(* Let $G$ be a group acting on a set $X$ on the left, and let $\mathfrak{F}$ be any family of subsets of $X$. Then the filter $\mathfrak{R}_{\mathfrak{F}}$ on $G$ is left topological.
   Context: For $A\in\mathfrak{F}$ let $\Delta_{\mathfrak{F}}(A)=\{g\in G: gB\subseteq A$ for some $B\in\mathfrak{F}$ with $B\subseteq A\}$ (note $e\in\Delta_{\mathfrak{F}}(A)$). $\mathfrak{R}_{\mathfrak{F}}$ is the filter on $G$ with base consisting of the sets $\bigcap_{A\in\mathfrak{F}'}\Delta_{\mathfrak{F}}(A)$, $\mathfrak{F}'$ a finite subfamily of $\mathfrak{F}$. A filter $\varphi$ on $G$ is left topological if there is a topology on $G$ in which every left shift $x\mapsto gx$ is continuous and for which $\varphi$ is the filter of neighbourhoods of the identity $e$ (i.e. $\varphi$ is a base at $e$). *)

theory Defs
  imports "HOL-Algebra.Group_Action" "HOL-Analysis.Abstract_Topology"
begin

definition Delta_fam :: "('g, 'm) monoid_scheme \<Rightarrow> ('g \<Rightarrow> 'x \<Rightarrow> 'x) \<Rightarrow> 'x set set \<Rightarrow> 'x set \<Rightarrow> 'g set"
  where "Delta_fam G act F A = {g \<in> carrier G. \<exists>B\<in>F. B \<subseteq> A \<and> act g ` B \<subseteq> A}"

definition R_filter :: "('g, 'm) monoid_scheme \<Rightarrow> ('g \<Rightarrow> 'x \<Rightarrow> 'x) \<Rightarrow> 'x set set \<Rightarrow> 'g set set"
  where "R_filter G act F =
    {U. U \<subseteq> carrier G \<and>
        (\<exists>F'. finite F' \<and> F' \<subseteq> F \<and> carrier G \<inter> (\<Inter>A\<in>F'. Delta_fam G act F A) \<subseteq> U)}"

definition left_topological :: "('g, 'm) monoid_scheme \<Rightarrow> 'g set set \<Rightarrow> bool"
  where "left_topological G \<Phi> \<longleftrightarrow>
    (\<exists>T. topspace T = carrier G \<and>
         (\<forall>g\<in>carrier G. continuous_map T T (\<lambda>x. g \<otimes>\<^bsub>G\<^esub> x)) \<and>
         \<Phi> = {U. U \<subseteq> carrier G \<and> (\<exists>V. openin T V \<and> \<one>\<^bsub>G\<^esub> \<in> V \<and> V \<subseteq> U)})"

end

theory Submission
  imports Defs
begin

text \<open>
  If a family \<open>\<B>\<close> of subsets of a group contains \<open>e\<close> in each member, is directed under
  intersection, and satisfies \<open>\<forall>w \<in> B. \<exists>B' \<in> \<B>. wB' \<subseteq> B\<close>, then the sets \<open>W\<close> with
  \<open>\<forall>x \<in> W. \<exists>B \<in> \<B>. xB \<subseteq> W\<close> form a topology with continuous left shifts whose neighbourhood
  filter at \<open>e\<close> is generated by \<open>\<B>\<close>. The finite intersections of the sets \<open>\<Delta>\<^sub>\<F>(A)\<close> are
  such a family: if \<open>w \<in> \<Delta>\<^sub>\<F>(A)\<close> is witnessed by \<open>B \<subseteq> A\<close> with \<open>wB \<subseteq> A\<close>, then
  \<open>w \<Delta>\<^sub>\<F>(B) \<subseteq> \<Delta>\<^sub>\<F>(A)\<close>, since \<open>hC \<subseteq> B\<close> gives \<open>whC \<subseteq> wB \<subseteq> A\<close>.
\<close>

lemma l_coset_mono: "A \<subseteq> B \<Longrightarrow> x <#\<^bsub>G\<^esub> A \<subseteq> x <#\<^bsub>G\<^esub> B"
  unfolding l_coset_def by blast

locale left_shift_base = group G for G (structure) +
  fixes \<B> :: "'a set set"
  assumes base_nonempty: "\<B> \<noteq> {}"
    and base_subset_carrier: "B \<in> \<B> \<Longrightarrow> B \<subseteq> carrier G"
    and one_mem_base: "B \<in> \<B> \<Longrightarrow> \<one> \<in> B"
    and base_Int: "B1 \<in> \<B> \<Longrightarrow> B2 \<in> \<B> \<Longrightarrow> \<exists>B\<in>\<B>. B \<subseteq> B1 \<inter> B2"
    and base_shift: "B \<in> \<B> \<Longrightarrow> w \<in> B \<Longrightarrow> \<exists>B'\<in>\<B>. w <# B' \<subseteq> B"
begin

definition shift_open :: "'a set \<Rightarrow> bool"
  where "shift_open W \<longleftrightarrow> W \<subseteq> carrier G \<and> (\<forall>x\<in>W. \<exists>B\<in>\<B>. x <# B \<subseteq> W)"

definition shift_topology :: "'a topology"
  where "shift_topology = topology shift_open"

lemma istopology_shift_open: "istopology shift_open"
  unfolding istopology_def
proof (intro conjI allI impI)
  fix S T assume "shift_open S" "shift_open T"
  show "shift_open (S \<inter> T)"
    unfolding shift_open_def
  proof (intro conjI ballI)
    show "S \<inter> T \<subseteq> carrier G"
      using \<open>shift_open S\<close> shift_open_def by blast
    fix x assume "x \<in> S \<inter> T"
    then obtain B1 B2 where "B1 \<in> \<B>" "x <# B1 \<subseteq> S" "B2 \<in> \<B>" "x <# B2 \<subseteq> T"
      using \<open>shift_open S\<close> \<open>shift_open T\<close> unfolding shift_open_def by blast
    moreover obtain B where "B \<in> \<B>" "B \<subseteq> B1" "B \<subseteq> B2"
      using base_Int calculation by (meson le_inf_iff)
    ultimately have "x <# B \<subseteq> S \<inter> T"
      using l_coset_mono by (metis le_inf_iff order_trans)
    then show "\<exists>B\<in>\<B>. x <# B \<subseteq> S \<inter> T"
      using \<open>B \<in> \<B>\<close> by blast
  qed
next
  fix K assume "\<forall>S\<in>K. shift_open S"
  then show "shift_open (\<Union>K)"
    unfolding shift_open_def by (meson Union_iff Union_least Union_upper order_trans)
qed

lemma openin_shift_topology: "openin shift_topology W \<longleftrightarrow> shift_open W"
  by (simp add: shift_topology_def istopology_shift_open)

lemma topspace_shift_topology: "topspace shift_topology = carrier G"
proof -
  obtain B where "B \<in> \<B>"
    using base_nonempty by blast
  then have "shift_open (carrier G)"
    unfolding shift_open_def using base_subset_carrier l_coset_subset_G by blast
  then show ?thesis
    unfolding topspace_def openin_shift_topology shift_open_def by blast
qed

lemma continuous_map_left_mult:
  assumes "g \<in> carrier G"
  shows "continuous_map shift_topology shift_topology (\<lambda>x. g \<otimes> x)"
  unfolding continuous_map_def topspace_shift_topology openin_shift_topology
proof (intro conjI allI impI)
  show "(\<lambda>x. g \<otimes> x) \<in> carrier G \<rightarrow> carrier G"
    using assms by simp
  fix U assume "shift_open U"
  show "shift_open {x \<in> carrier G. g \<otimes> x \<in> U}"
    unfolding shift_open_def
  proof (intro conjI ballI)
    fix x assume x: "x \<in> {x \<in> carrier G. g \<otimes> x \<in> U}"
    then obtain B where B: "B \<in> \<B>" "(g \<otimes> x) <# B \<subseteq> U"
      using \<open>shift_open U\<close> unfolding shift_open_def by blast
    have "g <# (x <# B) \<subseteq> U"
      using B x assms by (simp add: lcos_m_assoc base_subset_carrier)
    moreover have "x <# B \<subseteq> carrier G"
      using B(1) x by (simp add: l_coset_subset_G base_subset_carrier)
    ultimately show "\<exists>B\<in>\<B>. x <# B \<subseteq> {x \<in> carrier G. g \<otimes> x \<in> U}"
      using B(1) by (auto simp: l_coset_def)
  qed auto
qed

lemma shift_open_shift_interior:
  "shift_open {x \<in> carrier G. \<exists>B\<in>\<B>. x <# B \<subseteq> U}"
  unfolding shift_open_def
proof (intro conjI ballI)
  fix x assume "x \<in> {x \<in> carrier G. \<exists>B\<in>\<B>. x <# B \<subseteq> U}"
  then obtain B where x: "x \<in> carrier G" and B: "B \<in> \<B>" "x <# B \<subseteq> U"
    by blast
  have "y \<in> carrier G \<and> (\<exists>B'\<in>\<B>. y <# B' \<subseteq> U)" if "y \<in> x <# B" for y
  proof -
    obtain b where b: "b \<in> B" "y = x \<otimes> b"
      using \<open>y \<in> x <# B\<close> unfolding l_coset_def by blast
    then obtain B' where B': "B' \<in> \<B>" "b <# B' \<subseteq> B"
      using base_shift B(1) by blast
    have "b \<in> carrier G"
      using b(1) B(1) base_subset_carrier by blast
    then have "y <# B' = x <# (b <# B')"
      using b(2) x B'(1) by (simp add: lcos_m_assoc base_subset_carrier)
    also have "\<dots> \<subseteq> U"
      using l_coset_mono[OF B'(2)] B(2) by blast
    finally show ?thesis
      using B'(1) \<open>b \<in> carrier G\<close> b(2) x by blast
  qed
  then show "\<exists>B\<in>\<B>. x <# B \<subseteq> {x \<in> carrier G. \<exists>B\<in>\<B>. x <# B \<subseteq> U}"
    using B(1) by blast
qed auto

lemma shift_nhds_one_iff:
  "(\<exists>V. openin shift_topology V \<and> \<one> \<in> V \<and> V \<subseteq> U) \<longleftrightarrow> (\<exists>B\<in>\<B>. B \<subseteq> U)"
proof
  assume "\<exists>V. openin shift_topology V \<and> \<one> \<in> V \<and> V \<subseteq> U"
  then obtain V B where "V \<subseteq> U" "B \<in> \<B>" "\<one> <# B \<subseteq> V"
    unfolding openin_shift_topology shift_open_def by blast
  then show "\<exists>B\<in>\<B>. B \<subseteq> U"
    by (metis lcos_mult_one base_subset_carrier order_trans)
next
  assume "\<exists>B\<in>\<B>. B \<subseteq> U"
  then obtain B where B: "B \<in> \<B>" "B \<subseteq> U"
    by blast
  define V where "V = {x \<in> carrier G. \<exists>B\<in>\<B>. x <# B \<subseteq> U}"
  have "\<one> <# B \<subseteq> U"
    using B by (simp add: lcos_mult_one base_subset_carrier)
  then have "\<one> \<in> V"
    unfolding V_def using B(1) by blast
  moreover have "V \<subseteq> U"
  proof
    fix x assume "x \<in> V"
    then obtain B' where "x \<in> carrier G" "B' \<in> \<B>" "x <# B' \<subseteq> U"
      unfolding V_def by blast
    moreover have "x \<otimes> \<one> \<in> x <# B'"
      using one_mem_base[OF \<open>B' \<in> \<B>\<close>] unfolding l_coset_def by blast
    ultimately show "x \<in> U"
      by auto
  qed
  moreover have "openin shift_topology V"
    unfolding V_def openin_shift_topology by (rule shift_open_shift_interior)
  ultimately show "\<exists>V. openin shift_topology V \<and> \<one> \<in> V \<and> V \<subseteq> U"
    by blast
qed

theorem left_topological_base_filter:
  "left_topological G {U. U \<subseteq> carrier G \<and> (\<exists>B\<in>\<B>. B \<subseteq> U)}"
  unfolding left_topological_def
proof (intro exI conjI)
  show "topspace shift_topology = carrier G"
    by (rule topspace_shift_topology)
  show "\<forall>g\<in>carrier G. continuous_map shift_topology shift_topology (\<lambda>x. g \<otimes> x)"
    using continuous_map_left_mult by blast
  show "{U. U \<subseteq> carrier G \<and> (\<exists>B\<in>\<B>. B \<subseteq> U)} =
    {U. U \<subseteq> carrier G \<and> (\<exists>V. openin shift_topology V \<and> \<one> \<in> V \<and> V \<subseteq> U)}"
    by (simp only: shift_nhds_one_iff)
qed

end

definition R_filter_base :: "('g, 'm) monoid_scheme \<Rightarrow> ('g \<Rightarrow> 'x \<Rightarrow> 'x) \<Rightarrow> 'x set set \<Rightarrow> 'g set set"
  where "R_filter_base G act F =
    {carrier G \<inter> (\<Inter>A\<in>F'. Delta_fam G act F A) | F'. finite F' \<and> F' \<subseteq> F}"

lemma R_filter_eq_base_filter:
  "R_filter G act F = {U. U \<subseteq> carrier G \<and> (\<exists>B\<in>R_filter_base G act F. B \<subseteq> U)}"
  unfolding R_filter_def R_filter_base_def by blast

context group_action
begin

lemma group: "group G"
  using group_hom group_hom.axioms(1) by blast

lemma one_mem_Delta_fam:
  assumes "A \<in> F" "A \<subseteq> E"
  shows "\<one> \<in> Delta_fam G \<phi> F A"
proof -
  interpret group G
    by (rule group)
  have "\<phi> \<one> ` A = A"
    using assms(2) id_eq_one[symmetric] by auto
  then show ?thesis
    unfolding Delta_fam_def using assms(1) by blast
qed

lemma mult_mem_Delta_fam:
  assumes "F \<subseteq> Pow E" and w: "w \<in> carrier G" and B: "B \<in> F" "B \<subseteq> A" "\<phi> w ` B \<subseteq> A"
    and h: "h \<in> Delta_fam G \<phi> F B"
  shows "w \<otimes> h \<in> Delta_fam G \<phi> F A"
proof -
  interpret group G
    by (rule group)
  obtain C where C: "C \<in> F" "C \<subseteq> B" "\<phi> h ` C \<subseteq> B" and "h \<in> carrier G"
    using h unfolding Delta_fam_def by blast
  have "C \<subseteq> E"
    using C(1) assms(1) by blast
  then have "\<phi> (w \<otimes> h) ` C = \<phi> w ` \<phi> h ` C"
    using composition_rule[OF _ w \<open>h \<in> carrier G\<close>] by (auto simp: image_iff subset_iff)
  also have "\<dots> \<subseteq> A"
    using C(3) B(3) by blast
  finally have "\<phi> (w \<otimes> h) ` C \<subseteq> A" .
  moreover have "C \<subseteq> A"
    using C(2) B(2) by blast
  moreover have "w \<otimes> h \<in> carrier G"
    using w \<open>h \<in> carrier G\<close> by simp
  ultimately show ?thesis
    unfolding Delta_fam_def using C(1) by blast
qed

lemma left_shift_base_R_filter_base:
  assumes "F \<subseteq> Pow E"
  shows "left_shift_base G (R_filter_base G \<phi> F)"
proof -
  interpret group G
    by (rule group)
  show ?thesis
  proof
    show "R_filter_base G \<phi> F \<noteq> {}"
      unfolding R_filter_base_def by blast
  next
    fix B assume "B \<in> R_filter_base G \<phi> F"
    then show "B \<subseteq> carrier G"
      unfolding R_filter_base_def by blast
  next
    fix B assume "B \<in> R_filter_base G \<phi> F"
    then obtain F' where "F' \<subseteq> F" "B = carrier G \<inter> (\<Inter>A\<in>F'. Delta_fam G \<phi> F A)"
      unfolding R_filter_base_def by blast
    moreover have "\<one> \<in> Delta_fam G \<phi> F A" if "A \<in> F" for A
      using one_mem_Delta_fam[OF that] that assms by blast
    ultimately show "\<one> \<in> B"
      by auto
  next
    fix B1 B2 assume "B1 \<in> R_filter_base G \<phi> F" "B2 \<in> R_filter_base G \<phi> F"
    then obtain F1 F2 where "finite F1" "F1 \<subseteq> F" "finite F2" "F2 \<subseteq> F"
      and "B1 = carrier G \<inter> (\<Inter>A\<in>F1. Delta_fam G \<phi> F A)"
      and "B2 = carrier G \<inter> (\<Inter>A\<in>F2. Delta_fam G \<phi> F A)"
      unfolding R_filter_base_def by blast
    then have "B1 \<inter> B2 \<in> R_filter_base G \<phi> F"
      unfolding R_filter_base_def by (intro CollectI exI[of _ "F1 \<union> F2"]) auto
    then show "\<exists>B\<in>R_filter_base G \<phi> F. B \<subseteq> B1 \<inter> B2"
      by blast
  next
    fix B w assume "B \<in> R_filter_base G \<phi> F" "w \<in> B"
    then obtain F' where F': "finite F'" "F' \<subseteq> F" and B: "B = carrier G \<inter> (\<Inter>A\<in>F'. Delta_fam G \<phi> F A)"
      unfolding R_filter_base_def by blast
    have w: "w \<in> carrier G"
      using \<open>w \<in> B\<close> B by blast
    have "\<forall>A\<in>F'. \<exists>C. C \<in> F \<and> C \<subseteq> A \<and> \<phi> w ` C \<subseteq> A"
      using \<open>w \<in> B\<close> B unfolding Delta_fam_def by blast
    then obtain C where C: "\<forall>A\<in>F'. C A \<in> F \<and> C A \<subseteq> A \<and> \<phi> w ` C A \<subseteq> A"
      by (metis bchoice)
    define B' where "B' = carrier G \<inter> (\<Inter>A\<in>C ` F'. Delta_fam G \<phi> F A)"
    have "B' \<in> R_filter_base G \<phi> F"
      unfolding R_filter_base_def B'_def using F' C by (intro CollectI exI[of _ "C ` F'"]) auto
    moreover have "w <# B' \<subseteq> B"
    proof
      fix y assume "y \<in> w <# B'"
      then obtain h where h: "h \<in> B'" "y = w \<otimes> h"
        unfolding l_coset_def by blast
      have "w \<otimes> h \<in> Delta_fam G \<phi> F A" if "A \<in> F'" for A
        using C that h(1) unfolding B'_def by (intro mult_mem_Delta_fam[OF assms w]) auto
      moreover have "w \<otimes> h \<in> carrier G"
        using w h(1) unfolding B'_def by simp
      ultimately show "y \<in> B"
        unfolding B h(2) by blast
    qed
    ultimately show "\<exists>B'\<in>R_filter_base G \<phi> F. w <# B' \<subseteq> B"
      by blast
  qed
qed

end

theorem proposition5p5:
  fixes G (structure) and X :: "'x set" and act :: "'g \<Rightarrow> 'x \<Rightarrow> 'x" and F :: "'x set set"
  assumes "group_action G X act"
    and "F \<subseteq> Pow X"
  shows "left_topological G (R_filter G act F)"
proof -
  interpret left_shift_base G "R_filter_base G act F"
    using group_action.left_shift_base_R_filter_base[OF assms] .
  show ?thesis
    unfolding R_filter_eq_base_filter by (rule left_topological_base_filter)
qed

end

Task to carry out
Lines with "theorem": return each one from the data above.

Answer to this exercise
theorem left_topological_base_filter:
theorem proposition5p5:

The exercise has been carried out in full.